THE LITTLE PRINCE
Antoine de Saint-Exupéry, 1943
It is only with the heart that one can see clearly; what is essential is invisible to the eye.
- The Fox
Much has been said about The Little Prince, so I'll keep this as short as possible.
Saint-Exupéry's celebrated fable is a simple children's story for the children in all of us.
In The Little Prince, a pilot — obviously modeled after Saint-Exupéry himself — looks back at an accident he had six years ago. The pilot was stranded in the Sahara desert after his plane crashed. Out of the blue, a little boy approaches him: "If you please—draw me a sheep!" "What!" the aviator exclaimed. "Draw me a sheep!" the boy demanded.
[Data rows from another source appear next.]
lemma level_upd:
  assumes "k \<in> S"
  shows "level (block_sum (x(k := t))) m = level (block_sum x) m + level_grad m k * (t - x k)"
proof -
  have psum: "psum (block_sum (x(k := t))) m = psum (block_sum x) m + (if fst k < m then t - x k else 0)" for m
    using assms by (auto simp: psum_def block_sum_upd sum.distrib)
  have "fst k < Suc n"
    using assms by auto
  then show ?thesis
    unfolding level_def psum level_grad_def by (simp add: algebra_simps)
qed

lemma eventually_regular_upd:
  assumes k: "k \<in> S" and x: "regular x"
  shows "eventually (\<lambda>t. regular (x(k := t))) (nhds (x k))"
proof -
  have level: "eventually (\<lambda>t. level (block_sum (x(k := t))) m \<noteq> 0) (nhds (x k))"
    if "m \<in> {2..n}" for m
    unfolding level_upd[OF k] using that x
    by (intro eventually_affine_nonzero) (simp add: regular_def inner_levels_nonzero_def)
  have mid: "eventually (\<lambda>t. 2 \<le> w i \<longrightarrow> mid_level (block_sum (x(k := t))) i \<noteq> 0) (nhds (x k))"
    if i: "i \<in> {1..n}" for i
  proof (cases "2 \<le> w i")
    case True
    have eq: "2 * mid_level (block_sum (x(k := t))) i =
        2 * mid_level (block_sum x) i + (level_grad i k + level_grad (Suc i) k) * (t - x k)" for t
      unfolding mid_level_eq[OF i] level_upd[OF k] by (simp add: algebra_simps)
    have "2 * mid_level (block_sum x) i \<noteq> 0"
      using x i True by (simp add: regular_def)
    from eventually_affine_nonzero[OF this, of "level_grad i k + level_grad (Suc i) k" "x k"]
    show ?thesis
      by eventually_elim (metis eq mult_zero_right)
  qed simp
  have "eventually (\<lambda>t. \<forall>m\<in>{2..n}. level (block_sum (x(k := t))) m \<noteq> 0) (nhds (x k))"
    using level by (simp add: eventually_ball_finite)
  moreover have "eventually (\<lambda>t. \<forall>i\<in>{1..n}. 2 \<le> w i \<longrightarrow> mid_level (block_sum (x(k := t))) i \<noteq> 0) (nhds (x k))"
    using mid by (simp add: eventually_ball_finite)
  ultimately show ?thesis
    by eventually_elim (simp add: regular_def inner_levels_nonzero_def)
qed

lemma left_ratio_upd_deriv:
  assumes k: "k \<in> S" and x: "regular x" and i: "i \<in> {1..n}"
  shows "((\<lambda>t. left_ratio (block_sum (x(k := t))) i) has_field_derivative
    (level_grad 1 k - left_ratio (block_sum x) i * level_grad i k) / level (block_sum x) i) (at (x k))"
proof (cases "i = 1")
  case False
  then have "level (block_sum x) i \<noteq> 0"
    using x i by (simp add: regular_def inner_levels_nonzero_def)
  from has_field_derivative_affine_quotient[OF this]
  show ?thesis
    using False by (simp add: left_ratio_def level_upd[OF k])
qed (simp add: left_ratio_def)

lemma right_ratio_upd_deriv:
  assumes k: "k \<in> S" and x: "regular x" and i: "i \<in> {1..n}"
  shows "((\<lambda>t. right_ratio (block_sum (x(k := t))) i) has_field_derivative
    (level_grad (Suc n) k - right_ratio (block_sum x) i * level_grad (Suc i) k) / level (block_sum x) (Suc i))
    (at (x k))"
proof (cases "i = n")
  case False
  then have "level (block_sum x) (Suc i) \<noteq> 0"
    using x i by (simp add: regular_def inner_levels_nonzero_def)
  from has_field_derivative_affine_quotient[OF this]
  show ?thesis
    using False by (simp add: right_ratio_def level_upd[OF k])
qed (simp add: right_ratio_def)

lemma kahan_sol_upd_deriv:
  assumes k: "k \<in> S" and p: "p \<in> S" and x: "regular x"
  shows "((\<lambda>t. kahan_sol (x(k := t)) p) has_field_derivative kahan_grad x p k) (at (x k))"
proof -
  define i where "i = fst p"
  have i: "i \<in> {1..n}"
    using p by (auto simp: i_def)
  have coord: "((\<lambda>t. (x(k := t)) p) has_field_derivative (if k = p then 1 else 0)) (at (x k))"
    by (cases "k = p") (simp_all add: DERIV_ident)
  have "((\<lambda>t. (x(k := t)) p * (left_ratio (block_sum (x(k := t))) i * right_ratio (block_sum (x(k := t))) i))
      has_field_derivative kahan_grad x p k) (at (x k))"
    by (rule DERIV_cong[OF DERIV_mult[OF coord DERIV_mult[OF left_ratio_upd_deriv[OF k x i]
          right_ratio_upd_deriv[OF k x i]]]])
      (simp add: kahan_grad_def grad_terms_def kahan_factor_def i_def algebra_simps diff_divide_distrib)
  then show ?thesis
    using p by (simp add: kahan_sol_def kahan_factor_def i_def)
qed

lemma partial_deriv_kahan:
  assumes x: "x \<in> kahan_dom \<Gamma>" and k: "k \<in> S" and p: "p \<in> S"
  shows "partial_deriv (\<lambda>z. kahan \<Gamma> z p) k x = kahan_grad x p k"
proof -
  have reg: "regular x"
    using regular_if_kahan_dom[OF x] .
  have "eventually (\<lambda>t. kahan \<Gamma> (x(k := t)) p = kahan_sol (x(k := t)) p) (nhds (x k))"
    using eventually_regular_upd[OF k reg]
    by eventually_elim (simp add: kahan_regular)
  from DERIV_cong_ev[OF refl this refl] kahan_sol_upd_deriv[OF k p reg]
  have "((\<lambda>t. kahan \<Gamma> (x(k := t)) p) has_field_derivative kahan_grad x p k) (at (x k))"
    by simp
  then show ?thesis
    unfolding partial_deriv_def by (rule DERIV_imp_deriv)
qed

section \<open>The Poisson bracket of two components\<close>

definition bracket_form :: "(nat \<times> nat \<Rightarrow> 'a) \<Rightarrow> (nat \<times> nat \<Rightarrow> 'a) \<Rightarrow> (nat \<times> nat \<Rightarrow> 'a) \<Rightarrow> 'a" where
  "bracket_form x G H = (\<Sum>k\<in>S. \<Sum>l\<in>S. g * cmp_sign (fst k) (fst l) * x k * x l * G k * H l)"

lemma bracket_form_swap: "bracket_form x G H = - bracket_form x H G"
proof -
  have "bracket_form x G H = (\<Sum>l\<in>S. \<Sum>k\<in>S. g * cmp_sign (fst k) (fst l) * x k * x l * G k * H l)"
    unfolding bracket_form_def by (rule sum.swap)
  also have "\<dots> = (\<Sum>l\<in>S. \<Sum>k\<in>S. - (g * cmp_sign (fst l) (fst k) * x l * x k * H l * G k))"
    by (intro sum.cong refl) (auto simp: cmp_sign_def)
  also have "\<dots> = - bracket_form x H G"
    by (simp add: bracket_form_def sum_negf)
  finally show ?thesis .
qed

lemma bracket_form_linear_left:
  "bracket_form x (\<lambda>k. a * F k + b * G k) H = a * bracket_form x F H + b * bracket_form x G H"
  by (simp add: bracket_form_def sum.distrib sum_distrib_left algebra_simps)

lemma bracket_form_sum_list_left:
  "bracket_form x (\<lambda>k. \<Sum>(m, c)\<leftarrow>ts. c * F m k) H = (\<Sum>(m, c)\<leftarrow>ts. c * bracket_form x (F m) H)"
proof (induction ts)
  case Nil
  then show ?case by (simp add: bracket_form_def)
next
  case (Cons t ts)
  then show ?case
    using bracket_form_linear_left[of x "snd t" "F (fst t)" 1] by (simp add: case_prod_beta)
qed

lemma bracket_form_linear_right:
  "bracket_form x H (\<lambda>k. a * F k + b * G k) = a * bracket_form x H F + b * bracket_form x H G"
  by (simp add: bracket_form_def sum.distrib sum_distrib_left algebra_simps)

lemma bracket_form_sum_list_right:
  "bracket_form x H (\<lambda>k. \<Sum>(m, c)\<leftarrow>ts. c * F m k) = (\<Sum>(m, c)\<leftarrow>ts. c * bracket_form x H (F m))"
proof (induction ts)
  case Nil
  then show ?case by (simp add: bracket_form_def)
next
  case (Cons t ts)
  then show ?case
    using bracket_form_linear_right[of x H "snd t" "F (fst t)" 1] by (simp add: case_prod_beta)
qed

lemma bracket_form_unit_left:
  assumes "p \<in> S"
  shows "bracket_form x (\<lambda>k. of_bool (k = p)) (\<lambda>l. \<psi> (fst l)) =
    g * x p * (\<Sum>b\<in>{1..n}. cmp_sign (fst p) b * \<psi> b * block_sum x b)"
proof -
  have "bracket_form x (\<lambda>k. of_bool (k = p)) (\<lambda>l. \<psi> (fst l)) =
      (\<Sum>l\<in>S. (g * x p * cmp_sign (fst p) (fst l) * \<psi> (fst l)) * x l)"
    using assms by (simp add: bracket_form_def of_bool_def if_distrib if_distribR sum.If_cases Int_absorb1 ac_simps)
  also have "\<dots> = g * x p * (\<Sum>b\<in>{1..n}. cmp_sign (fst p) b * \<psi> b * block_sum x b)"
    using sum_S_block_sum[of "\<lambda>b. g * x p * cmp_sign (fst p) b * \<psi> b" x]
    by (simp add: sum_distrib_left ac_simps)
  finally show ?thesis .
qed

lemma bracket_form_units:
  assumes "p \<in> S" "q \<in> S"
  shows "bracket_form x (\<lambda>k. of_bool (k = p)) (\<lambda>l. of_bool (l = q)) = g * cmp_sign (fst p) (fst q) * x p * x q"
  using assms by (simp add: bracket_form_def of_bool_def if_distrib if_distribR sum.If_cases Int_absorb1)

lemma bracket_form_blocks:
  "bracket_form x (\<lambda>k. \<phi> (fst k)) (\<lambda>l. \<psi> (fst l)) =
    g * (\<Sum>a\<in>{1..n}. \<Sum>b\<in>{1..n}. cmp_sign a b * \<phi> a * \<psi> b * block_sum x a * block_sum x b)"
proof -
  have inner: "(\<Sum>l\<in>S. g * cmp_sign a (fst l) * y * x l * \<phi> a * \<psi> (fst l)) =
      (\<Sum>b\<in>{1..n}. (g * cmp_sign a b * y * \<phi> a * \<psi> b) * block_sum x b)" for a y
    using sum_S_block_sum[of "\<lambda>b. g * cmp_sign a b * y * \<phi> a * \<psi> b" x] by (simp add: ac_simps)
  have "bracket_form x (\<lambda>k. \<phi> (fst k)) (\<lambda>l. \<psi> (fst l)) =
      (\<Sum>k\<in>S. (\<Sum>b\<in>{1..n}. g * cmp_sign (fst k) b * \<phi> (fst k) * \<psi> b * block_sum x b) * x k)"
    unfolding bracket_form_def inner by (simp add: sum_distrib_left sum_distrib_right ac_simps)
  also have "\<dots> = (\<Sum>a\<in>{1..n}. (\<Sum>b\<in>{1..n}. g * cmp_sign a b * \<phi> a * \<psi> b * block_sum x b) * block_sum x a)"
    by (rule sum_S_block_sum)
  finally show ?thesis
    by (simp add: sum_distrib_left sum_distrib_right ac_simps)
qed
(For a moment there I wanted to tell The Pilot: For f*ck's sake, just draw him a sheep!)
(For a moment there I wanted to tell The Pilot: For f*ck's sake, just draw him a sheep!)
Discombobulated at the sight of a lone child in the middle of nowhere, the unnamed aviator thought he was experiencing some sort of mirage, he asked the boy: "But—what are you doing here?" To which the boy repeated: "If you please—draw me a sheep."
And then the boy introduces himself as a prince from another planet, a tiny asteroid called B-612. The rose is the pivot of the little prince's planet. Just like any other curious child, the little prince asks questions as often as he avoids answering questions.
The little prince later talks about a variety of adult characters, all of which seemed silly for the title character.
Most of the quotable quotes from the novel are by The Fox. Through this character, Saint-Exupéry aims to tell us the book's central message: love.
It is the time you have wasted for your rose that makes your rose so important...
You become responsible, forever, for what you have tamed. You are responsible for your rose...
In a candid manner, the author acknowledges his watercolor illustrations with a self-deprecating tone, accusing the adults for discouraging him from pursuing an art career when he was six years-old.
Saint-Exupéry said that he is the little prince, drawing inspiration from his own child self. That makes sense because the little prince's "farewell" is allegorical to that coming-of-age era, the loss of innocence, the transition from childhood to adulthood.
At once Saint-Exupéry explores the simplicity of life and the complexity of "simple" things like the warfare between the sheep and the flowers. He also contemplates on how adults make simple things complicated, and how them adults fail to appreciate the ubiquitous beauty surrounding their "complicated" existence. In some ways, this book can be seen as "anti-adult." But nay it's not, it can be accurately described as a "love letter from a child to his adult self."
Translated from French to English by Katherine Woods, the 1943 edition is simple with a little touch of poetry in it.
Divided into 27 chapters, the novella's narrative is generally first-person singular, occasionally swaying to second-person. A thoughtfully affectionate letter to a special person — that's how The Little Prince looked like to me. It was as if Saint-Exupéry is casually speaking to the little prince through us, the readers.
The Little Prince is a timeless philosophical work in the guise of a children's book.